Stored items

(* For every integer $k\geq 0$, $$d_{\mathcal F}\!\left(\frac{F_{k+1}}{F_k},\,\infty\right)=\lfloor k/2\rfloor+1,$$ where $(F_j)$ are the Fibonacci numbers indexed so that $F_0=F_1=1$ and $F_{j+1}=F_j+F_{j-1}$ (so $\frac{F_{k+1}}{F_k}=\frac11,\frac21,\frac32,\frac53,\dots$ for $k=0,1,2,3,\dots$), and $\infty=\frac10$.
   Context: The Farey graph has vertex set $\mathbb Q\cup\{\infty\}$, where each element is written in lowest terms $\frac ab$ ($\infty=\frac10$), and an edge between $\frac ab$ and $\frac cd$ exactly when $|ad-bc|=1$. (Equivalently, vertices are slopes of a torus, adjacent when they have representatives meeting transversely in one point.) $d_{\mathcal F}$ denotes the path-length distance in the Farey graph. *)

theory Defs
  imports Complex_Main
begin

text \<open>Vertices of the Farey graph: \<open>Q \<union> {\<infinity>}\<close>, encoded as \<open>rat option\<close>
  with \<open>None\<close> playing the role of \<open>\<infinity> = 1/0\<close>.\<close>
type_synonym farey_vertex = "rat option"

abbreviation farey_inf :: farey_vertex where "farey_inf \<equiv> None"

definition farey_rep :: "farey_vertex \<Rightarrow> int \<times> int" where
  "farey_rep v = (case v of None \<Rightarrow> (1, 0) | Some q \<Rightarrow> quotient_of q)"

definition farey_adj :: "farey_vertex \<Rightarrow> farey_vertex \<Rightarrow> bool" where
  "farey_adj u v = (case farey_rep u of (a, b) \<Rightarrow> case farey_rep v of (c, d) \<Rightarrow>
      \<bar>a * d - b * c\<bar> = 1)"

definition farey_dist :: "farey_vertex \<Rightarrow> farey_vertex \<Rightarrow> nat" where
  "farey_dist u v = (LEAST n. (farey_adj ^^ n) u v)"

fun F :: "nat \<Rightarrow> nat" where
  "F 0 = 1"
| "F (Suc 0) = 1"
| "F (Suc (Suc n)) = F (Suc n) + F n"

end

theory Submission
  imports Defs
begin

text \<open>Write \<open>x k = F (k + 1) / F k\<close>. By Cassini's identity \<open>x (k + 2)\<close> is Farey-adjacent to
  \<open>x k\<close> and lies strictly between the Farey neighbours \<open>x k\<close> and \<open>x (k + 1)\<close>; since \<open>x 0 = 1\<close>
  and \<open>x 1 = 2\<close> are adjacent to \<open>\<infinity>\<close>, the walk \<open>x k, x (k - 2), \<dots>, \<infinity>\<close> gives the upper bound.
  For the lower bound, a vertex \<open>x/y\<close> strictly inside the interval spanned by Farey neighbours
  \<open>p/q < r/s\<close> satisfies \<open>(x, y) = \<alpha> (p, q) + \<beta> (r, s)\<close> with integers \<open>\<alpha>, \<beta> \<ge> 1\<close>. Hence
  \<open>y \<ge> 2\<close>, and a vertex outside the closed interval has cross-determinant with \<open>x/y\<close> of
  absolute value at least \<open>\<alpha> + \<beta> \<ge> 2\<close>. So every walk from an interior vertex to \<open>\<infinity>\<close> passes
  through \<open>p/q\<close> or \<open>r/s\<close>, which yields
  \<open>d (x (k + 2)) \<infinity> \<ge> 1 + min (d (x k) \<infinity>) (d (x (k + 1)) \<infinity>)\<close>.\<close>

lemma abs_lin_comb_same_sign_ge_2:
  fixes \<alpha> \<beta> m n :: int
  assumes "\<alpha> \<ge> 1" "\<beta> \<ge> 1" "m \<ge> 1 \<and> n \<ge> 1 \<or> m \<le> -1 \<and> n \<le> -1"
  shows "\<bar>\<alpha> * m + \<beta> * n\<bar> \<ge> 2"
  using assms(3)
proof
  assume "m \<ge> 1 \<and> n \<ge> 1"
  then have "\<alpha> * m \<ge> \<alpha>" "\<beta> * n \<ge> \<beta>"
    using assms(1,2) mult_left_mono[of 1 _ \<alpha>] mult_left_mono[of 1 _ \<beta>] by auto
  then show ?thesis using assms(1,2) by linarith
next
  assume "m \<le> -1 \<and> n \<le> -1"
  then have "\<alpha> * m \<le> - \<alpha>" "\<beta> * n \<le> - \<beta>"
    using assms(1,2) mult_left_mono[of _ "-1" \<alpha>] mult_left_mono[of _ "-1" \<beta>] by auto
  then show ?thesis using assms(1,2) by linarith
qed

lemma quotient_of_int_div:
  assumes "b > 0" "coprime a b"
  shows "quotient_of (of_int a / of_int b) = (a, b)"
  using assms by (simp add: Fract_of_int_quotient[symmetric] quotient_of_Fract normalize_def)

lemma of_int_div_less_of_int_div_iff:
  fixes a b c d :: int
  assumes "b > 0" "d > 0"
  shows "(of_int a / of_int b < (of_int c / of_int d :: rat)) \<longleftrightarrow> a * d < c * b"
proof -
  have "(of_int a / of_int b < (of_int c / of_int d :: rat)) \<longleftrightarrow>
      (of_int (a * d) < (of_int (c * b) :: rat))"
    using assms by (simp add: field_simps)
  then show ?thesis by (simp only: of_int_less_iff)
qed

lemma farey_interval_interior_decomp:
  fixes p q r s x y :: int
  assumes q: "q > 0" and s: "s > 0" and y: "y > 0" and det: "q * r - p * s = 1"
    and lo: "of_int p / of_int q < (of_int x / of_int y :: rat)"
    and hi: "of_int x / of_int y < (of_int r / of_int s :: rat)"
  obtains \<alpha> \<beta> where "\<alpha> \<ge> 1" "\<beta> \<ge> 1" "x = \<alpha> * p + \<beta> * r" "y = \<alpha> * q + \<beta> * s"
proof
  show "r * y - s * x \<ge> 1"
    using hi of_int_div_less_of_int_div_iff[OF y s] by (simp add: mult.commute)
  show "q * x - p * y \<ge> 1"
    using lo of_int_div_less_of_int_div_iff[OF q y] by (simp add: mult.commute)
  have "x = x * (q * r - p * s)" "y = y * (q * r - p * s)" using det by simp_all
  then show "x = (r * y - s * x) * p + (q * x - p * y) * r"
    and "y = (r * y - s * x) * q + (q * x - p * y) * s"
    by (simp_all add: algebra_simps)
qed

lemma farey_adj_interior:
  fixes p q r s :: int and t :: rat
  assumes q: "q > 0" and s: "s > 0" and det: "q * r - p * s = 1"
    and lo: "of_int p / of_int q < t" and hi: "t < of_int r / of_int s"
    and adj: "farey_adj (Some t) w"
  shows "\<exists>u. w = Some u \<and> of_int p / of_int q \<le> u \<and> u \<le> of_int r / of_int s"
proof -
  obtain x y where qt: "quotient_of t = (x, y)" by force
  have y: "y > 0" and t: "t = of_int x / of_int y"
    using quotient_of_denom_pos[OF qt] quotient_of_div[OF qt] by auto
  obtain \<alpha> \<beta> where \<alpha>: "\<alpha> \<ge> 1" and \<beta>: "\<beta> \<ge> 1"
    and x_eq: "x = \<alpha> * p + \<beta> * r" and y_eq: "y = \<alpha> * q + \<beta> * s"
    using farey_interval_interior_decomp[OF q s y det] lo hi t by metis
  show ?thesis
  proof (cases w)
    case None
    have "\<alpha> * q \<ge> 1" "\<beta> * s \<ge> 1"
      using \<alpha> \<beta> q s mult_mono[of 1 \<alpha> 1 q] mult_mono[of 1 \<beta> 1 s] by simp_all
    then have "y \<noteq> 1" using y_eq by linarith
    then show ?thesis using adj qt None y by (simp add: farey_adj_def farey_rep_def)
  next
    case (Some u)
    obtain c d where qu: "quotient_of u = (c, d)" by force
    have d: "d > 0" and u: "u = of_int c / of_int d"
      using quotient_of_denom_pos[OF qu] quotient_of_div[OF qu] by auto
    have "\<bar>x * d - y * c\<bar> = 1" using adj qt qu Some by (simp add: farey_adj_def farey_rep_def)
    moreover have "x * d - y * c = \<alpha> * (p * d - q * c) + \<beta> * (r * d - s * c)"
      by (simp add: x_eq y_eq algebra_simps)
    ultimately have "\<not> (\<bar>\<alpha> * (p * d - q * c) + \<beta> * (r * d - s * c)\<bar> \<ge> 2)" by simp
    then have same_sign: "\<not> (p * d - q * c \<ge> 1 \<and> r * d - s * c \<ge> 1 \<or>
        p * d - q * c \<le> -1 \<and> r * d - s * c \<le> -1)"
      using abs_lin_comb_same_sign_ge_2[OF \<alpha> \<beta>] by blast
    have pr: "of_int p / of_int q < (of_int r / of_int s :: rat)"
      using det of_int_div_less_of_int_div_iff[OF q s] by (simp add: mult.commute)
    have "\<not> u < of_int p / of_int q"
    proof
      assume "u < of_int p / of_int q"
      moreover from this have "u < of_int r / of_int s" using pr by order
      ultimately have "p * d - q * c \<ge> 1 \<and> r * d - s * c \<ge> 1"
        using u of_int_div_less_of_int_div_iff[OF d q] of_int_div_less_of_int_div_iff[OF d s]
        by (simp add: mult.commute)
      with same_sign show False by blast
    qed
    moreover have "\<not> of_int r / of_int s < u"
    proof
      assume "of_int r / of_int s < u"
      moreover from this have "of_int p / of_int q < u" using pr by order
      ultimately have "p * d - q * c \<le> -1 \<and> r * d - s * c \<le> -1"
        using u of_int_div_less_of_int_div_iff[OF q d] of_int_div_less_of_int_div_iff[OF s d]
        by (simp add: mult.commute)
      with same_sign show False by blast
    qed
    ultimately show ?thesis using Some by (simp add: not_less)
  qed
qed

lemma farey_walk_to_inf_through_endpoint:
  fixes p q r s :: int
  assumes q: "q > 0" and s: "s > 0" and det: "q * r - p * s = 1"
  shows "(farey_adj ^^ n) (Some t) None \<Longrightarrow>
    of_int p / of_int q < t \<Longrightarrow> t < of_int r / of_int s \<Longrightarrow>
    \<exists>m<n. (farey_adj ^^ m) (Some (of_int p / of_int q)) None \<or>
          (farey_adj ^^ m) (Some (of_int r / of_int s)) None"
proof (induction n arbitrary: t)
  case 0
  then show ?case by simp
next
  case (Suc n)
  obtain w where w: "farey_adj (Some t) w" "(farey_adj ^^ n) w None"
    using relpowp_Suc_D2[OF Suc.prems(1)] by blast
  obtain u where u: "w = Some u" "of_int p / of_int q \<le> u" "u \<le> of_int r / of_int s"
    using farey_adj_interior[OF q s det Suc.prems(2,3) w(1)] by blast
  show ?case
  proof (cases "u = of_int p / of_int q \<or> u = of_int r / of_int s")
    case True
    then show ?thesis using w(2) u(1) by auto
  next
    case False
    then have "of_int p / of_int q < u" "u < of_int r / of_int s" using u by auto
    then show ?thesis using Suc.IH[OF w(2)[unfolded u(1)]] less_SucI by blast
  qed
qed

lemma farey_walk_to_inf_through_neighbour:
  fixes a b c d :: int and t :: rat
  assumes b: "b > 0" and d: "d > 0" and det: "\<bar>a * d - b * c\<bar> = 1"
    and between: "0 < (t - of_int a / of_int b) * (of_int c / of_int d - t)"
    and walk: "(farey_adj ^^ n) (Some t) None"
  shows "\<exists>m<n. (farey_adj ^^ m) (Some (of_int a / of_int b)) None \<or>
               (farey_adj ^^ m) (Some (of_int c / of_int d)) None"
proof -
  consider "d * a - c * b = 1" | "b * c - a * d = 1"
    using det mult.commute[of a d] mult.commute[of c b] by linarith
  then show ?thesis
  proof cases
    case 1
    then have "of_int c / of_int d < (of_int a / of_int b :: rat)"
      using of_int_div_less_of_int_div_iff[OF d b] by (simp add: mult.commute)
    then have "of_int c / of_int d < t" "t < of_int a / of_int b"
      using between by (auto simp: zero_less_mult_iff)
    then show ?thesis using farey_walk_to_inf_through_endpoint[OF d b 1 walk] by blast
  next
    case 2
    then have "of_int a / of_int b < (of_int c / of_int d :: rat)"
      using of_int_div_less_of_int_div_iff[OF b d] by (simp add: mult.commute)
    then have "of_int a / of_int b < t" "t < of_int c / of_int d"
      using between by (auto simp: zero_less_mult_iff)
    then show ?thesis using farey_walk_to_inf_through_endpoint[OF b d 2 walk] by blast
  qed
qed

lemma F_pos: "F k > 0"
  by (induction k rule: F.induct) auto

lemma coprime_F_Suc: "coprime (F (Suc k)) (F k)"
proof (induction k)
  case 0
  then show ?case by simp
next
  case (Suc k)
  have "gcd (F (Suc k)) (F (Suc k) + F k) = gcd (F (Suc k)) (F k)"
    by (rule gcd_add2)
  then show ?case using Suc by (simp add: coprime_iff_gcd_eq_1 add.commute gcd.commute)
qed

lemma F_Cassini:
  "of_nat (F (Suc (Suc k))) * of_nat (F k) - of_nat (F (Suc k))^2 = ((-1)^k :: 'a :: comm_ring_1)"
  by (induction k) (simp_all add: algebra_simps power2_eq_square)

lemma F_shifted_Cassini:
  "of_nat (F (Suc (Suc (Suc k)))) * of_nat (F k) - of_nat (F (Suc (Suc k))) * of_nat (F (Suc k))
    = ((-1)^k :: 'a :: comm_ring_1)"
  using F_Cassini[of k, where 'a='a] by (simp add: algebra_simps power2_eq_square)

definition fib_ratio :: "nat \<Rightarrow> rat" where
  "fib_ratio k = of_nat (F (Suc k)) / of_nat (F k)"

lemma quotient_of_fib_ratio: "quotient_of (fib_ratio k) = (int (F (Suc k)), int (F k))"
  using quotient_of_int_div[of "int (F k)" "int (F (Suc k))"] F_pos[of k] coprime_F_Suc[of k]
  by (simp add: fib_ratio_def coprime_int_iff)

lemma farey_adj_fib_ratio_inf: "k < 2 \<Longrightarrow> farey_adj (Some (fib_ratio k)) None"
  using quotient_of_fib_ratio[of k]
  by (cases k; cases "k - 1") (auto simp: farey_adj_def farey_rep_def)

lemma farey_adj_fib_ratio_Suc_Suc:
  "farey_adj (Some (fib_ratio (Suc (Suc k)))) (Some (fib_ratio k))"
  using F_shifted_Cassini[of k, where 'a=int] quotient_of_fib_ratio[of k]
    quotient_of_fib_ratio[of "Suc (Suc k)"]
  by (simp add: farey_adj_def farey_rep_def)

lemma fib_ratio_Suc_Suc_between:
  "0 < (fib_ratio (Suc (Suc k)) - fib_ratio k) * (fib_ratio (Suc k) - fib_ratio (Suc (Suc k)))"
proof -
  have pos: "(0::rat) < of_nat (F i)" for i using F_pos[of i] by simp
  have "fib_ratio (Suc (Suc k)) - fib_ratio k =
      (-1)^k / (of_nat (F (Suc (Suc k))) * of_nat (F k))"
    using F_shifted_Cassini[of k, where 'a=rat] pos[of k] pos[of "Suc (Suc k)"]
    by (simp add: fib_ratio_def diff_frac_eq algebra_simps)
  moreover have "fib_ratio (Suc k) - fib_ratio (Suc (Suc k)) =
      (-1)^k / (of_nat (F (Suc k)) * of_nat (F (Suc (Suc k))))"
    using F_Cassini[of "Suc k", where 'a=rat] pos[of "Suc k"] pos[of "Suc (Suc k)"]
    by (simp add: fib_ratio_def diff_frac_eq algebra_simps power2_eq_square)
  moreover have "(-1)^k * (-1)^k = (1::rat)" by (simp flip: power_add)
  ultimately show ?thesis using pos[of k] pos[of "Suc k"] pos[of "Suc (Suc k)"]
    by (simp del: F.simps)
qed

lemma farey_walk_fib_ratio_inf: "(farey_adj ^^ (k div 2 + 1)) (Some (fib_ratio k)) None"
proof (induction k rule: F.induct)
  case 1
  show ?case using relpowp_Suc_I2[of farey_adj, OF farey_adj_fib_ratio_inf relpowp_0_I] by simp
next
  case 2
  show ?case using relpowp_Suc_I2[of farey_adj, OF farey_adj_fib_ratio_inf relpowp_0_I] by simp
next
  case (3 k)
  have "Suc (Suc k) div 2 + 1 = Suc (k div 2 + 1)" by simp
  with relpowp_Suc_I2[of farey_adj, OF farey_adj_fib_ratio_Suc_Suc "3.IH"(2)] show ?case
    by (simp only:)
qed

lemma farey_walk_fib_ratio_inf_length:
  "(farey_adj ^^ n) (Some (fib_ratio k)) None \<Longrightarrow> k div 2 + 1 \<le> n"
proof (induction k arbitrary: n rule: F.induct)
  case 1
  then show ?case by (cases n) auto
next
  case 2
  then show ?case by (cases n) auto
next
  case (3 j)
  have "\<bar>int (F (Suc j)) * int (F (Suc j)) - int (F j) * int (F (Suc (Suc j)))\<bar> = 1"
    using F_Cassini[of j, where 'a=int] by (simp add: power2_eq_square algebra_simps)
  then obtain m where "m < n"
    and "(farey_adj ^^ m) (Some (fib_ratio j)) None \<or>
      (farey_adj ^^ m) (Some (fib_ratio (Suc j))) None"
    using farey_walk_to_inf_through_neighbour[where a = "int (F (Suc j))" and b = "int (F j)"
        and c = "int (F (Suc (Suc j)))" and d = "int (F (Suc j))", OF _ _ _ _ "3.prems"]
      F_pos[of j] F_pos[of "Suc j"]
      fib_ratio_Suc_Suc_between[of j]
    by (fastforce simp: fib_ratio_def simp del: F.simps)
  then have "j div 2 + 1 \<le> m" using "3.IH"[of m] by fastforce
  with \<open>m < n\<close> show ?case by simp
qed

theorem lemma4p5:
  fixes k :: nat
  shows "farey_dist (Some (of_nat (F (k + 1)) / of_nat (F k))) farey_inf = k div 2 + 1"
proof -
  have "of_nat (F (k + 1)) / of_nat (F k) = fib_ratio k" by (simp add: fib_ratio_def)
  then show ?thesis
    unfolding farey_dist_def
    using farey_walk_fib_ratio_inf farey_walk_fib_ratio_inf_length by (simp add: Least_equality)
qed

end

■ WORK REQUIRED: The expected answer is each line of the records above that includes the string "only".

■ SOLVED PROBLEM:
  then show ?thesis by (simp only: of_int_less_iff)
    by (simp only:)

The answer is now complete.